In the kitchen Kyaren was making a salad, while talking to a boy who looked to be about twelve or thirteen. Their backs were to him.

“Still, you handled them masterfully,” Kyaren was saying.

The boy shrugged. “I heard their songs and sang them back. It’s easy.”

“For you,” Kyaren said. “But then, you
were
singing.”

The boy laughed. To Josif the sound was received not so much by his ears as by his spine, tingling with the music of it. He knew now who the child was—the only person so young whose voice would have that kind of power to it. Ansset. Josif had never met him, had only seen pictures. But he did not want the boy to turn around. Instead he watched him from the back, the way his hair curled gently onto his neck, clinging with sweat from the heat of the kitchen; the way his chest sloped into his waist, which was lithe, and then did not flare at all as the lines of his body went smoothly down narrow hips to strong, well-shaped legs. His movement was graceful as he alternately leaned in to watch Kyaren’s hands working and leaned out to look at her face as they talked.

“Singing?” the boy was asking. “If that was singing, then a parrot speaks.”

“It was singing,” Kyaren said. “But then, I never had an ear.”

The Songhouse, of course. Josif knew from what Ferret had said that Kyaren came from the Songhouse. But they had never talked about it. It was clearly on the list of things that Josif may know, but that Kyaren was not able to discuss. It had not really occurred to Josif, not seriously, anyway, that Kyaren might know Ansset. It was like being from a city on Earth. Even being from Seattle, far from a large town, it always seemed absurd to him when people asked, “From Seattle? Why then, do you know my cousin?” The name never meant anything to him. But the Songhouse wasn’t so much a town as a school, was it? And Kyaren knew this boy. Who also happened to be the planet manager, and therefore the key to their advancement.

It occurred to Josif that Ansset might be helpful to them. But that thought was buried in far stronger thoughts and feelings. For then Ansset turned around and looked at him.

The pictures were poor imitations. Josif was not prepared for the eyes, which found his face as if Ansset had been looking for him for a long time; the lips that were parted just slightly, that hinted of smiles and passion; the translucence of the skin, which seemed smooth as marble yet deep and warm as soil in sunlight. Josif had been beautiful as a boy, but this child made him feel ugly by contrast. Josif’s hands longed just to touch his cheek—it could not be as perfect as it looked.

“Hi,” Ansset said.

Kyaren turned around, startled. When she saw it was Josif, she was relieved. “Oh, Josif. I thought you were asleep.”

“I was,” Josif said, surprised that he could speak.

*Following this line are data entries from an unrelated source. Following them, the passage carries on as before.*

lemma AE_cost_distr_lp_cost_nonzero:
  assumes "finite R" and "finite M" and "r \<in> R" and "k \<in> M" and "z r k \<noteq> 0"
  shows "AE c in cost_distr R M. lp_cost R M c z \<noteq> 0"
proof -
  have "lp_cost R M c z = (\<Sum>q\<in>R \<times> M. c q * case_prod z q)" for c
    by (simp add: lp_cost_def sum.cartesian_product case_prod_beta)
  moreover have "AE c in cost_distr R M. (\<Sum>q\<in>R \<times> M. c q * case_prod z q) \<noteq> 0"
    unfolding cost_distr_def
    by (rule AE_PiM_linear_form_nonzero[where i = "(r, k)", OF prob_space_imp_sigma_finite[OF prob_space_unit_uniform]
          trans[OF sets_uniform_measure sets_lborel] emeasure_unit_uniform_singleton])
      (use assms in simp_all)
  ultimately show ?thesis by simp
qed

lemma AE_cost_distr_sign_directions:
  assumes "finite R" and "finite M"
  shows "AE c in cost_distr R M. \<forall>z\<in>sign_directions R M.
           (\<exists>r\<in>R. \<exists>k\<in>M. z r k \<noteq> 0) \<longrightarrow> lp_cost R M c z \<noteq> 0"
proof (rule AE_finite_allI[OF finite_sign_directions[OF assms]])
  fix z
  show "AE c in cost_distr R M. (\<exists>r\<in>R. \<exists>k\<in>M. z r k \<noteq> 0) \<longrightarrow> lp_cost R M c z \<noteq> 0"
  proof (rule AE_impI)
    assume "\<exists>r\<in>R. \<exists>k\<in>M. z r k \<noteq> 0"
    then obtain r k where "r \<in> R" "k \<in> M" "z r k \<noteq> 0" by blast
    then show "AE c in cost_distr R M. lp_cost R M c z \<noteq> 0"
      by (rule AE_cost_distr_lp_cost_nonzero[OF assms])
  qed
qed

lemma AE_lp_optimal_in_sched_set:
  assumes "finite R" and "finite M" and \<delta>: "\<forall>r k. \<delta> r k \<in> {0, 1}"
  shows "AE c in cost_distr R M. \<forall>x. lp_optimal R M \<delta> d c x \<longrightarrow> x \<in> sched_set R M \<delta> d"
  using AE_cost_distr_sign_directions[OF assms(1,2)]
proof (rule eventually_mono, intro allI impI)
  fix c x
  assume generic: "\<forall>z\<in>sign_directions R M. (\<exists>r\<in>R. \<exists>k\<in>M. z r k \<noteq> 0) \<longrightarrow> lp_cost R M c z \<noteq> 0"
    and opt: "lp_optimal R M \<delta> d c x"
  then have feasible: "relaxed_feasible R M \<delta> d x" by (simp add: lp_optimal_def)
  show "x \<in> sched_set R M \<delta> d"
  proof (rule ccontr)
    assume "x \<notin> sched_set R M \<delta> d"
    then obtain r k where "r \<in> R" "k \<in> M" "x r k \<notin> {0, 1}"
      using feasible unfolding sched_set_def by blast
    then obtain z where "z \<in> sign_directions R M" "\<exists>r\<in>R. \<exists>k\<in>M. z r k \<noteq> 0"
      and "\<forall>\<^sub>F t in nhds 0. relaxed_feasible R M \<delta> d (\<lambda>r k. x r k + t * z r k)"
      using fractional_relaxed_feasible_direction[OF assms feasible] by blast
    moreover from this(3) have "lp_cost R M c z = 0"
      by (rule lp_optimal_two_sided_direction[OF opt])
    ultimately show False using generic by blast
  qed
qed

“How long have you been standing there?”

It was Ansset who responded: “A few minutes. I heard him come in.”

“Why didn’t you say something?”

And again Ansset answered, though the question had been directed to Josif. “I knew he was no danger to us. He came from the bedroom. I assume he’s Josif, your friend.”

“Yes,” Kyaren said. Her tone sounded tentative. Josif realized that she had never mentioned him to Ansset—she was surprised that Ansset knew about him.

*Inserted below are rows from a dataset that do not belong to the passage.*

lemma elliptic_K_sums:
  assumes m: "0 \<le> m" "m < 1"
  shows "(\<lambda>n. pi * cbinom n^2 * m^n) sums (2 * elliptic_K m)"
proof -
  define g where "g t = 1 / sqrt (1 - m * sin t ^ 2)" for t :: real
  define f where "f k t = (\<Sum>n<k. cbinom n * m^n * sin t ^ (2*n))" for k t
  have terms_sums: "(\<lambda>n. cbinom n * m^n * sin t ^ (2*n)) sums g t" for t
    unfolding g_def using m by (rule cbinom_sin_power_sums)
  have terms_nonneg: "0 \<le> cbinom n * m^n * sin t ^ (2*n)" for n t
    using cbinom_pos[of n] m by (simp add: power_mult)
  have "norm (f k t) \<le> 1 / sqrt (1 - m)" for k t
  proof -
    have "f k t \<le> g t"
      unfolding f_def sums_unique[OF terms_sums]
      by (intro sum_le_suminf sums_summable[OF terms_sums] terms_nonneg) auto
    moreover have "g t \<le> 1 / sqrt (1 - m)"
    proof -
      have "sqrt (1 - m) \<le> sqrt (1 - m * sin t ^ 2)"
        using mult_sin_sq_le[OF m(1)] by simp
      then show ?thesis
        unfolding g_def using m by (simp add: frac_le)
    qed
    moreover have "0 \<le> f k t"
      unfolding f_def by (intro sum_nonneg terms_nonneg)
    ultimately show ?thesis
      by simp
  qed
  moreover have f_integral: "(f k has_integral (\<Sum>n<k. pi/2 * cbinom n^2 * m^n)) {0..pi/2}" for k
  proof -
    have "((\<lambda>t. cbinom n * m^n * sin t ^ (2*n)) has_integral (pi/2 * cbinom n^2 * m^n)) {0..pi/2}" for n
      using has_integral_mult_right[OF has_integral_sin_power_even, of "cbinom n * m^n" n]
      by (simp add: power2_eq_square mult_ac)
    then show ?thesis
      unfolding f_def by (intro has_integral_sum) auto
  qed
  ultimately have "(\<lambda>k. integral {0..pi/2} (f k)) \<longlonglongrightarrow> integral {0..pi/2} g"
    using terms_sums unfolding sums_def f_def[symmetric]
    by (intro dominated_convergence(2)[where h = "\<lambda>_. 1 / sqrt (1 - m)"])
       (auto simp: integrable_on_def)
  then have "(\<lambda>n. pi/2 * cbinom n^2 * m^n) sums elliptic_K m"
    unfolding sums_def elliptic_K_def g_def[abs_def] integral_unique[OF f_integral] .
  from sums_mult[OF this, of 2] show ?thesis
    by (simp add: mult_ac)
qed

lemma has_integral_sin_div_elliptic_radical:
  assumes w: "0 < w" "w < 1"
  shows "((\<lambda>t. sin t / sqrt (1 - w^2 * sin t ^ 2)) has_integral
           ((ln (1 + w) - ln (sqrt (1 - w^2))) / w)) {0..pi/2}"
proof -
  define F where "F = (\<lambda>t. - ln (w * cos t + sqrt (1 - w^2 * sin t ^ 2)) / w)"
  have "w^2 < 1"
    using w by (simp add: power_less_one_iff)
  then have radicand_pos: "0 < 1 - w^2 * sin t ^ 2" for t
    using elliptic_radicand_pos[of "w^2" t] by simp
  have "(F has_real_derivative sin t / sqrt (1 - w^2 * sin t ^ 2)) (at t)" if t: "t \<in> {0..pi/2}" for t
  proof -
    define s where "s = sqrt (1 - w^2 * sin t ^ 2)"
    define d where "d = w * cos t + s"
    have "0 < s"
      unfolding s_def using radicand_pos by simp
    moreover have "0 \<le> cos t"
      using t by (intro cos_ge_zero) auto
    ultimately have "0 < d"
      unfolding d_def using w by (simp add: add_nonneg_pos)
    have "((\<lambda>t. 1 - w^2 * sin t ^ 2) has_real_derivative - (2 * w^2 * cos t * sin t)) (at t)"
      by (auto intro!: derivative_eq_intros)
    from DERIV_chain2[OF DERIV_real_sqrt[OF radicand_pos[of t]] this]
    have "((\<lambda>t. sqrt (1 - w^2 * sin t ^ 2)) has_real_derivative - (w^2 * cos t * sin t / s)) (at t)"
      unfolding s_def[symmetric] by (rule DERIV_cong) (use \<open>0 < s\<close> in \<open>simp add: field_simps\<close>)
    from DERIV_add[OF DERIV_cmult[OF DERIV_cos, of w] this]
    have "((\<lambda>t. w * cos t + sqrt (1 - w^2 * sin t ^ 2)) has_real_derivative - (w * sin t * d / s)) (at t)"
      unfolding d_def
      by (rule DERIV_cong) (use \<open>0 < s\<close> in \<open>simp add: field_simps power2_eq_square\<close>)
    from DERIV_chain2[OF DERIV_ln[OF \<open>0 < d\<close>[unfolded d_def s_def]] this]
    have "((\<lambda>t. ln (w * cos t + sqrt (1 - w^2 * sin t ^ 2))) has_real_derivative - (w * sin t / s)) (at t)"
      unfolding s_def[symmetric] d_def[symmetric]
      by (rule DERIV_cong) (use \<open>0 < s\<close> \<open>0 < d\<close> in \<open>simp add: field_simps\<close>)
    from DERIV_cdivide[OF DERIV_minus[OF this], of w] show ?thesis
      unfolding F_def s_def[symmetric] by (rule DERIV_cong) (use w in simp)
  qed
  then have "((\<lambda>t. sin t / sqrt (1 - w^2 * sin t ^ 2)) has_integral (F (pi/2) - F 0)) {0..pi/2}"
    by (intro fundamental_theorem_of_calculus)
       (auto simp: has_real_derivative_iff_has_vector_derivative has_vector_derivative_at_within)
  moreover have "F (pi/2) - F 0 = (ln (1 + w) - ln (sqrt (1 - w^2))) / w"
    unfolding F_def by (simp add: diff_divide_distrib add.commute)
  ultimately show ?thesis
    by simp
qed

lemma has_integral_cos_div_one_plus_sin: "((\<lambda>t. cos t / (1 + sin t)) has_integral ln 2) {0..pi/2}"
proof -
  have "((\<lambda>t. ln (1 + sin t)) has_real_derivative cos t / (1 + sin t)) (at t)"
    if "t \<in> {0..pi/2}" for t
  proof -
    have "0 \<le> sin t"
      using that by (intro sin_ge_zero) auto
    then show ?thesis
      by (auto intro!: derivative_eq_intros simp: divide_inverse)
  qed
  then have "((\<lambda>t. cos t / (1 + sin t)) has_integral (ln (1 + sin (pi/2)) - ln (1 + sin 0))) {0..pi/2}"
    by (intro fundamental_theorem_of_calculus)
       (auto simp: has_real_derivative_iff_has_vector_derivative has_vector_derivative_at_within)
  then show ?thesis
    by simp
qed

lemma eventually_at_left_1_in_unit_interval: "eventually (\<lambda>x. x \<in> {0<..<1}) (at_left (1::real))"
  by (rule eventually_at_left_real) simp

lemma elliptic_remainder_integrand_bound:
  fixes m t :: real
  assumes m: "0 \<le> m" "m < 1" and "0 \<le> sin t"
  shows "\<bar>(1 - sin t) / sqrt (1 - m * sin t ^ 2)\<bar> \<le> 1"
proof -
  \<comment> \<open>\<open>(1 - s)\<^sup>2 \<le> 1 - s\<^sup>2 \<le> 1 - m s\<^sup>2\<close> for \<open>0 \<le> s \<le> 1\<close>\<close>
  have "m * sin t ^ 2 \<le> sin t ^ 2"
    using m by (intro mult_left_le_one_le) auto
  moreover have "sin t ^ 2 \<le> sin t"
    using \<open>0 \<le> sin t\<close> by (simp add: power2_eq_square mult_left_le)
  ultimately have "(1 - sin t)^2 \<le> 1 - m * sin t ^ 2"
    by (simp add: power2_eq_square algebra_simps)
  then have "1 - sin t \<le> sqrt (1 - m * sin t ^ 2)"
    by (rule real_le_rsqrt)
  then show ?thesis
    using elliptic_radicand_pos[OF m, of t] by simp
qed

lemma elliptic_remainder_integrand_tendsto:
  fixes t :: real
  assumes t: "t \<in> {0..pi/2}" and f: "(f \<longlongrightarrow> 1) F"
  shows "((\<lambda>x. (1 - sin t) / sqrt (1 - f x * sin t ^ 2)) \<longlongrightarrow> cos t / (1 + sin t)) F"
proof (cases "cos t = 0")
  case True
  moreover have "0 \<le> sin t"
    using t by (intro sin_ge_zero) auto
  ultimately have "sin t = 1"
    using sin_cos_squared_add[of t] by (simp add: power2_eq_1_iff)
  with True show ?thesis
    by simp
next
  case False
  have "0 \<le> cos t" "0 \<le> sin t"
    using t by (auto intro: cos_ge_zero sin_ge_zero)
  have "sqrt (1 - 1 * sin t ^ 2) = cos t"
    using \<open>0 \<le> cos t\<close> by (simp add: cos_squared_eq[symmetric])
  moreover have "(1 - sin t) * (1 + sin t) = cos t * cos t"
    using sin_cos_squared_add[of t] by (simp add: power2_eq_square algebra_simps)
  ultimately have "(1 - sin t) / sqrt (1 - 1 * sin t ^ 2) = cos t / (1 + sin t)"
    using False \<open>0 \<le> sin t\<close> by (simp add: field_simps)
  moreover have "((\<lambda>x. (1 - sin t) / sqrt (1 - f x * sin t ^ 2))
                   \<longlongrightarrow> (1 - sin t) / sqrt (1 - 1 * sin t ^ 2)) F"
    using False f \<open>sqrt (1 - 1 * sin t ^ 2) = cos t\<close> by (intro tendsto_intros) auto
  ultimately show ?thesis
    by simp
qed

lemma elliptic_remainder_tendsto:
  "((\<lambda>m. integral {0..pi/2} (\<lambda>t. (1 - sin t) / sqrt (1 - m * sin t ^ 2))) \<longlongrightarrow> ln 2) (at_left 1)"
proof (rule tendsto_at_left_sequentially[of 0])
  fix S :: "nat \<Rightarrow> real"
  assume S: "\<And>k. S k < 1" "\<And>k. 0 < S k" and "S \<longlonglongrightarrow> 1"
  have "(\<lambda>k. integral {0..pi/2} (\<lambda>t. (1 - sin t) / sqrt (1 - S k * sin t ^ 2)))
          \<longlonglongrightarrow> integral {0..pi/2} (\<lambda>t. cos t / (1 + sin t))"
  proof (rule dominated_convergence(2)[where h = "\<lambda>_. 1"])
    fix k
    show "(\<lambda>t. (1 - sin t) / sqrt (1 - S k * sin t ^ 2)) integrable_on {0..pi/2}"
      using elliptic_radicand_pos[of "S k"] S[of k]
      by (intro integrable_continuous_interval continuous_intros) (auto simp: less_le)
    fix t :: real
    assume "t \<in> {0..pi/2}"
    then show "norm ((1 - sin t) / sqrt (1 - S k * sin t ^ 2)) \<le> 1"
      using S[of k] by (intro elliptic_remainder_integrand_bound[unfolded real_norm_def[symmetric]])
                       (auto intro: sin_ge_zero less_imp_le)
  next
    fix t :: real
    assume "t \<in> {0..pi/2}"
    then show "(\<lambda>k. (1 - sin t) / sqrt (1 - S k * sin t ^ 2)) \<longlonglongrightarrow> cos t / (1 + sin t)"
      using \<open>S \<longlonglongrightarrow> 1\<close> by (rule elliptic_remainder_integrand_tendsto)
  qed (auto intro: integrable_continuous_interval)
  then show "(\<lambda>k. integral {0..pi/2} (\<lambda>t. (1 - sin t) / sqrt (1 - S k * sin t ^ 2))) \<longlonglongrightarrow> ln 2"
    using has_integral_cos_div_one_plus_sin by (simp add: integral_unique)
qed simp

lemma elliptic_K_split:
  assumes "0 < m" "m < 1"
  shows "elliptic_K m = (ln (1 + sqrt m) - ln (sqrt (1 - m))) / sqrt m
           + integral {0..pi/2} (\<lambda>t. (1 - sin t) / sqrt (1 - m * sin t ^ 2))"
proof -
  have "((\<lambda>t. sin t / sqrt (1 - m * sin t ^ 2)) has_integral
          ((ln (1 + sqrt m) - ln (sqrt (1 - m))) / sqrt m)) {0..pi/2}"
    using has_integral_sin_div_elliptic_radical[of "sqrt m"] assms by simp
  moreover have "(\<lambda>t. (1 - sin t) / sqrt (1 - m * sin t ^ 2)) integrable_on {0..pi/2}"
    using elliptic_radicand_pos[of m] assms
    by (intro integrable_continuous_interval continuous_intros) (auto simp: less_le)
  ultimately have "((\<lambda>t. sin t / sqrt (1 - m * sin t ^ 2) + (1 - sin t) / sqrt (1 - m * sin t ^ 2))
      has_integral ((ln (1 + sqrt m) - ln (sqrt (1 - m))) / sqrt m
           + integral {0..pi/2} (\<lambda>t. (1 - sin t) / sqrt (1 - m * sin t ^ 2)))) {0..pi/2}"
    by (intro has_integral_add) (auto simp: has_integral_integral)
  then show ?thesis
    unfolding elliptic_K_def add_divide_distrib[symmetric] by (simp add: integral_unique)
qed

lemma elliptic_K_asymptotics: "((\<lambda>m. 2 * elliptic_K m + ln (1 - m)) \<longlongrightarrow> 4 * ln 2) (at_left 1)"
proof -
  have "((\<lambda>m. 2 * ((ln (1 + sqrt m) - ln (sqrt (1 - m))) / sqrt m) + ln (1 - m)) \<longlongrightarrow> 2 * ln 2)
          (at_left 1)"
    by real_asymp
  from tendsto_add[OF this tendsto_mult_left[OF elliptic_remainder_tendsto, of 2]]
  have "((\<lambda>m. 2 * ((ln (1 + sqrt m) - ln (sqrt (1 - m))) / sqrt m) + ln (1 - m)
           + 2 * integral {0..pi/2} (\<lambda>t. (1 - sin t) / sqrt (1 - m * sin t ^ 2)))
          \<longlongrightarrow> 4 * ln 2) (at_left 1)" (is "(?f \<longlongrightarrow> _) _")
    by simp
  moreover have "eventually (\<lambda>m. ?f m = 2 * elliptic_K m + ln (1 - m)) (at_left 1)"
    using eventually_at_left_1_in_unit_interval
    by eventually_elim (simp add: elliptic_K_split algebra_simps)
  ultimately show ?thesis
    by (rule Lim_transform_eventually)
qed

lemma suminf_eq_Abel_limit_nonneg:
  fixes a :: "nat \<Rightarrow> real"
  assumes nonneg: "\<And>n. 0 \<le> a n" and "summable a"
    and Abel_limit: "((\<lambda>x. \<Sum>n. a n * x^n) \<longlongrightarrow> L) (at_left 1)"
  shows "suminf a = L"
proof (rule antisym)
  have terms_le: "a n * x^n \<le> a n" and terms_nonneg: "0 \<le> a n * x^n"
    if "x \<in> {0<..<1}" for x n
    using that nonneg[of n] by (auto intro!: mult_left_le power_le_one)
  have summable: "summable (\<lambda>n. a n * x^n)" if "x \<in> {0<..<1}" for x
    using terms_le[OF that] terms_nonneg[OF that]
    by (intro summable_comparison_test'[OF \<open>summable a\<close>]) auto
  show "suminf a \<le> L"
  proof (rule suminf_le_const[OF \<open>summable a\<close>])
    fix M
    have "((\<lambda>x. \<Sum>n<M. a n * x^n) \<longlongrightarrow> (\<Sum>n<M. a n * 1^n)) (at_left 1)"
      by (intro tendsto_intros)
    moreover have "eventually (\<lambda>x. (\<Sum>n<M. a n * x^n) \<le> (\<Sum>n. a n * x^n)) (at_left 1)"
      using eventually_at_left_1_in_unit_interval
      by eventually_elim (intro sum_le_suminf summable terms_nonneg; simp)
    ultimately show "(\<Sum>n<M. a n) \<le> L"
      using Abel_limit by (intro tendsto_le[OF trivial_limit_at_left_real]) simp_all
  qed
  have "eventually (\<lambda>x. (\<Sum>n. a n * x^n) \<le> suminf a) (at_left 1)"
    using eventually_at_left_1_in_unit_interval
    by eventually_elim (intro suminf_le summable \<open>summable a\<close> terms_le; simp)
  then show "L \<le> suminf a"
    using Abel_limit by (intro tendsto_upperbound[OF _ _ trivial_limit_at_left_real])
qed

Apparently Ansset caught her hesitation, too. “Oh, Kyaren, you didn’t think they’d let me be friends with you without a security check, did you?” He sounded amused. “They’re so thorough. I’m sure they know exactly where I am right now, and what we’re doing.”

“Are they listening to us?” Kyaren asked, appalled.

“They aren’t allowed to,” Ansset said, “but they probably are. If not the locals, then the imperial snoops. No, don’t worry about it. They’re probably just monitoring heartbeats and the number of people present, that kind of thing. I’m allowed some privacy. I can insist on it, and I will.” His voice radiated calm. Both Josif and Kyaren visibly relaxed.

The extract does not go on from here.